+++ Dataset records +++

theorem lemma6p2:
  fixes n :: nat and a :: "nat \<Rightarrow> real" and lam :: "nat \<Rightarrow> nat"
    and Psi :: "(nat \<Rightarrow> nat) \<Rightarrow> (nat \<Rightarrow> real) \<Rightarrow> real"
    and rho :: "nat \<Rightarrow> nat" and p :: "nat \<Rightarrow> real"
    and \<mu> \<sigma> \<sigma>h :: "nat \<Rightarrow> nat"
  assumes n2: "2 \<le> n"
    and a_range: "\<And>k. 0 < a k \<and> a k < 1"
    and lam_mono: "\<And>i j. i \<le> j \<Longrightarrow> j < n \<Longrightarrow> lam i \<le> lam j"
    and Psi: "is_TASEP_family n a lam Psi"
    and rho_vals: "\<And>j. j < n \<Longrightarrow> rho j \<in> {1, 2}"
    and rho_mono: "\<And>i j. i \<le> j \<Longrightarrow> j < n \<Longrightarrow> rho i \<le> rho j"
    and rho_first: "rho 0 = 1" and rho_last: "rho (n - 1) = 2"
    and p_range: "\<And>j. j < n \<Longrightarrow> rho j = 1 \<Longrightarrow> 0 \<le> p j \<and> p j < 1"
    and mu: "\<mu> \<in> Srearr n lam" and sigma: "\<sigma> \<in> Omega n rho"
    and sigmah: "\<sigma>h \<in> Omega n rho" and pos: "auxP n rho \<sigma>h \<sigma> > 0"
  shows "\<exists>g :: (nat \<Rightarrow> nat) \<Rightarrow> real \<Rightarrow> real.
           (\<forall>\<mu>h\<in>Srearr n lam. g \<mu>h \<in> O[at_top](\<lambda>z. 1 / z)) \<and>
           (\<forall>R>1. (\<Sum>\<mu>h\<in>Srearr n lam.
                     fullP n a rho p \<mu>h \<sigma>h \<mu> \<sigma> * Psi \<mu>h (act \<sigma>h (chi rho p R))
                     * (1 + g \<mu>h R))
                  = Psi \<mu> (act \<sigma> (chi rho p R)) * auxP n rho \<sigma>h \<sigma>)"
proof -
  have \<sigma>h: "\<sigma>h permutes {..<n}"
    using sigmah by (simp add: Omega_def)
  show ?thesis
  proof (cases "\<sigma> = \<sigma>h")
    case True
    with n2 \<sigma>h mu show ?thesis
      by (intro exI[of _ "\<lambda>_ _. 0"]) (simp add: sum_fullP_stay auxP_stay)
  next
    case False
    with pos obtain i where i: "i < n" "dcond n rho \<sigma>h i" and \<sigma>: "\<sigma> = sbar n i \<circ> \<sigma>h"
      by (rule auxP_positive_step)
    have n: "0 < n"
      using n2 by simp
    define y where "y R = act \<sigma>h (chi rho p R)" for R
    have rho: "rho (inv \<sigma>h i) = 1" "rho (inv \<sigma>h (nxt n i)) = 2"
      using dcond_densities[OF n \<sigma>h i rho_vals] by simp_all
    then have y_i: "y R i = (if p (inv \<sigma>h i) > 0 then 1 / p (inv \<sigma>h i) else R)"
      and y_nxt: "y R (nxt n i) = R" for R
      by (simp_all add: y_def act_def chi_def)
    have "act \<sigma> (chi rho p R) = act (sbar n i) (y R)" for R
      unfolding y_def \<sigma> by (rule act_comp[symmetric, OF permutes_bij[OF sbar_permutes[OF n i(1)]] permutes_bij[OF \<sigma>h]])
    moreover have "0 \<le> p (inv \<sigma>h i)"
      using p_range rho permutes_in_image[OF permutes_inv[OF \<sigma>h]] i(1) by simp
    ultimately obtain g where "\<forall>\<mu>h\<in>Srearr n lam. g \<mu>h \<in> O[at_top](\<lambda>z. 1 / z)"
      and "\<forall>R>1. (\<Sum>\<mu>h\<in>Srearr n lam. swap_move_prob n a (p (inv \<sigma>h i)) i \<mu>h \<mu> * Psi \<mu>h (y R) * (1 + g \<mu>h R))
                  = Psi \<mu> (act \<sigma> (chi rho p R))"
      using swap_balance[OF Psi n a_range mu i(1) _ y_i y_nxt] by auto
    with n2 \<sigma>h i show ?thesis
      by (intro exI[of _ g]) (simp add: \<sigma> fullP_swap auxP_swap y_def sum_divide_distrib[symmetric])
  qed
qed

+++

#### Work instruction:
Using the records above, set down exactly the lines from the one with "nat) \<Rightarrow> (nat" through the one with "< a k \<and>", inclusive, and nothing more.

#### Exercise result:
    and Psi :: "(nat \<Rightarrow> nat) \<Rightarrow> (nat \<Rightarrow> real) \<Rightarrow> real"
    and rho :: "nat \<Rightarrow> nat" and p :: "nat \<Rightarrow> real"
    and \<mu> \<sigma> \<sigma>h :: "nat \<Rightarrow> nat"
  assumes n2: "2 \<le> n"
    and a_range: "\<And>k. 0 < a k \<and> a k < 1"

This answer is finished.